__Description of the task__. Each line in the records below that has the word "open" should be copied.

+ + + + +

lemma has_integral_Beta_real_interval:
  fixes a b x :: real
  assumes "0 < a" "0 < b" "0 < x"
  shows "((\<lambda>s. s powr (a - 1) * (x - s) powr (b - 1)) has_integral x powr (a + b - 1) * Beta a b) {0..x}"
proof -
  have "((\<lambda>s. (s / x) powr (a - 1) * (1 - s / x) powr (b - 1)) has_integral x * Beta a b) {0..x}"
    using has_integral_stretch_real[OF has_integral_Beta_real[OF assms(1,2)], of "1 / x"] assms(3)
    by (simp add: image_mult_atLeastAtMost_if')
  then have "((\<lambda>s. x powr (a + b - 2) * ((s / x) powr (a - 1) * (1 - s / x) powr (b - 1)))
      has_integral x powr (a + b - 2) * (x * Beta a b)) {0..x}"
    by (rule has_integral_mult_right)
  moreover have "x powr (a + b - 2) * (x * Beta a b) = x powr (a + b - 1) * Beta a b"
    using assms(3) powr_add[of x "a + b - 2" 1] by simp
  moreover have "x powr (a + b - 2) * ((s / x) powr (a - 1) * (1 - s / x) powr (b - 1))
      = s powr (a - 1) * (x - s) powr (b - 1)" for s
  proof -
    have "1 - s / x = (x - s) / x"
      using assms(3) by (simp add: field_simps)
    moreover have "x powr (a + b - 2) = x powr (a - 1) * x powr (b - 1)"
      by (simp flip: powr_add)
    ultimately show ?thesis
      using assms(3) by (simp add: powr_divide field_simps)
  qed
  ultimately show ?thesis
    by simp
qed

(* The power is written (j powr beta) ^ l, not j powr (l * beta): the two differ at j = l = 0,
   where 0 powr 0 = 0. *)
lemma ml_rho_convolution_power_le:
  fixes \<beta> :: real and k l :: nat
  assumes "0 < \<beta>" "\<beta> \<le> 1" "0 < k"
  shows "(\<Sum>j<k. ml_rho \<beta> (k - j) * (real j powr \<beta>) ^ l)
    \<le> real k powr (real (Suc l) * \<beta>) * Gamma (1 + real l * \<beta>) / Gamma (1 + real (Suc l) * \<beta>)"
proof -
  define a where "a = 1 + real l * \<beta>"
  define F where "F s = s powr (a - 1) * (real k - s) powr (\<beta> - 1) / Gamma \<beta>" for s
  have "0 < a" "0 < Gamma \<beta>"
    using assms by (simp_all add: a_def add_pos_nonneg)
  have F_integral: "(F has_integral real k powr (a + \<beta> - 1) * Beta a \<beta> / Gamma \<beta>) {0..real k}"
    unfolding F_def using assms \<open>0 < a\<close>
    by (intro has_integral_divide has_integral_Beta_real_interval) auto
  have "(\<Sum>j<k. ml_rho \<beta> (k - j) * (real j powr \<beta>) ^ l) \<le> integral {0..real k} F"
  proof (rule sum_le_integral_unit_steps)
    show "F integrable_on {0..real k}"
      using F_integral by blast
    fix n s
    assume "n < k" "real n < s" "s < real (Suc n)"
    then have rho_le: "ml_rho \<beta> (k - n) \<le> (real k - s) powr (\<beta> - 1) / Gamma \<beta>"
      using assms by (intro ml_rho_le_kernel) auto
    have "(real n powr \<beta>) ^ l \<le> (s powr \<beta>) ^ l"
      using assms \<open>real n < s\<close> by (intro power_mono powr_mono2) auto
    also have "\<dots> = s powr (a - 1)"
      using \<open>real n < s\<close> by (simp add: a_def powr_power)
    finally have "(real n powr \<beta>) ^ l \<le> s powr (a - 1)" .
    with rho_le have "ml_rho \<beta> (k - n) * (real n powr \<beta>) ^ l
        \<le> (real k - s) powr (\<beta> - 1) / Gamma \<beta> * s powr (a - 1)"
      by (rule mult_mono) (use assms in auto)
    then show "ml_rho \<beta> (k - n) * (real n powr \<beta>) ^ l \<le> F s"
      by (simp add: F_def mult_ac)
  qed
  also have "integral {0..real k} F = real k powr (a + \<beta> - 1) * Beta a \<beta> / Gamma \<beta>"
    using F_integral by blast
  also have "\<dots> = real k powr (real (Suc l) * \<beta>) * Gamma (1 + real l * \<beta>) / Gamma (1 + real (Suc l) * \<beta>)"
    using \<open>0 < Gamma \<beta>\<close> by (simp add: a_def Beta_def algebra_simps)
  finally show ?thesis .
qed

lemma ml_rho_convolution_mittag_leffler_le:
  fixes \<beta> m :: real and k :: nat
  assumes "0 < \<beta>" "\<beta> \<le> 1" "0 \<le> m" "0 < k"
  shows "(\<Sum>j<k. m * ml_rho \<beta> (k - j) * mittag_leffler \<beta> (m * real j powr \<beta>))
    \<le> mittag_leffler \<beta> (m * real k powr \<beta>) - 1"
proof -
  have termwise: "(\<Sum>j<k. m * ml_rho \<beta> (k - j) * (m * real j powr \<beta>) ^ l / Gamma (1 + real l * \<beta>))
      \<le> (m * real k powr \<beta>) ^ Suc l / Gamma (1 + real (Suc l) * \<beta>)" for l
  proof -
    have "0 < Gamma (1 + real l * \<beta>)"
      using assms by (simp add: add_pos_nonneg)
    have "(\<Sum>j<k. m * ml_rho \<beta> (k - j) * (m * real j powr \<beta>) ^ l / Gamma (1 + real l * \<beta>))
        = m ^ Suc l / Gamma (1 + real l * \<beta>) * (\<Sum>j<k. ml_rho \<beta> (k - j) * (real j powr \<beta>) ^ l)"
      by (simp add: sum_distrib_left power_mult_distrib mult_ac)
    also have "\<dots> \<le> m ^ Suc l / Gamma (1 + real l * \<beta>)
        * (real k powr (real (Suc l) * \<beta>) * Gamma (1 + real l * \<beta>) / Gamma (1 + real (Suc l) * \<beta>))"
      using assms \<open>0 < Gamma (1 + real l * \<beta>)\<close>
      by (intro mult_left_mono ml_rho_convolution_power_le) auto
    also have "real k powr (real (Suc l) * \<beta>) = (real k powr \<beta>) ^ Suc l"
      using assms(4) by (subst powr_power) auto
    also have "m ^ Suc l / Gamma (1 + real l * \<beta>)
        * ((real k powr \<beta>) ^ Suc l * Gamma (1 + real l * \<beta>) / Gamma (1 + real (Suc l) * \<beta>))
        = (m * real k powr \<beta>) ^ Suc l / Gamma (1 + real (Suc l) * \<beta>)"
      using \<open>0 < Gamma (1 + real l * \<beta>)\<close> by (simp add: power_mult_distrib)
    finally show ?thesis .
  qed
  show ?thesis
    using termwise sum_mittag_leffler_sums[OF assms(1,2)] mittag_leffler_minus_one_sums[OF assms(1,2)]
    by (rule sums_le)
qed

theorem lemma2p3:
  fixes \<beta> T \<mu> :: real and nT k :: nat
  assumes "0 < \<beta>" "\<beta> < 1" "T > 0" "nT > 0" "\<mu> > 0" "1 \<le> k" "k \<le> nT"
  defines "\<tau> \<equiv> T / real nT"
  shows "\<mu> * (\<Sum>j<k. (\<tau> powr \<beta> * ml_rho \<beta> (k - j))
              * mittag_leffler \<beta> (\<mu> * (real j * \<tau>) powr \<beta>))
         \<le> mittag_leffler \<beta> (\<mu> * (real k * \<tau>) powr \<beta>) - 1"
proof -
  have "0 < \<tau>"
    using assms by (simp add: \<tau>_def)
  define m where "m = \<mu> * \<tau> powr \<beta>"
  have arg_eq: "\<mu> * (real j * \<tau>) powr \<beta> = m * real j powr \<beta>" for j
    using \<open>0 < \<tau>\<close> by (simp add: m_def powr_mult)
  have "\<mu> * (\<Sum>j<k. (\<tau> powr \<beta> * ml_rho \<beta> (k - j)) * mittag_leffler \<beta> (\<mu> * (real j * \<tau>) powr \<beta>))
      = (\<Sum>j<k. m * ml_rho \<beta> (k - j) * mittag_leffler \<beta> (m * real j powr \<beta>))"
    unfolding arg_eq by (simp add: sum_distrib_left m_def mult_ac)
  also have "\<dots> \<le> mittag_leffler \<beta> (m * real k powr \<beta>) - 1"
    using assms \<open>0 < \<tau>\<close> by (intro ml_rho_convolution_mittag_leffler_le) (auto simp: m_def)
  finally show ?thesis
    by (simp only: arg_eq)
qed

+ + + + +

__Result for this task__.
    unfolding F_def using assms \<open>0 < a\<close>
      using assms \<open>real n < s\<close> by (intro power_mono powr_mono2) auto
      using \<open>real n < s\<close> by (simp add: a_def powr_power)
    using \<open>0 < Gamma \<beta>\<close> by (simp add: a_def Beta_def algebra_simps)
      using assms \<open>0 < Gamma (1 + real l * \<beta>)\<close>
      using \<open>0 < Gamma (1 + real l * \<beta>)\<close> by (simp add: power_mult_distrib)
    using \<open>0 < \<tau>\<close> by (simp add: m_def powr_mult)
    using assms \<open>0 < \<tau>\<close> by (intro ml_rho_convolution_mittag_leffler_le) (auto simp: m_def)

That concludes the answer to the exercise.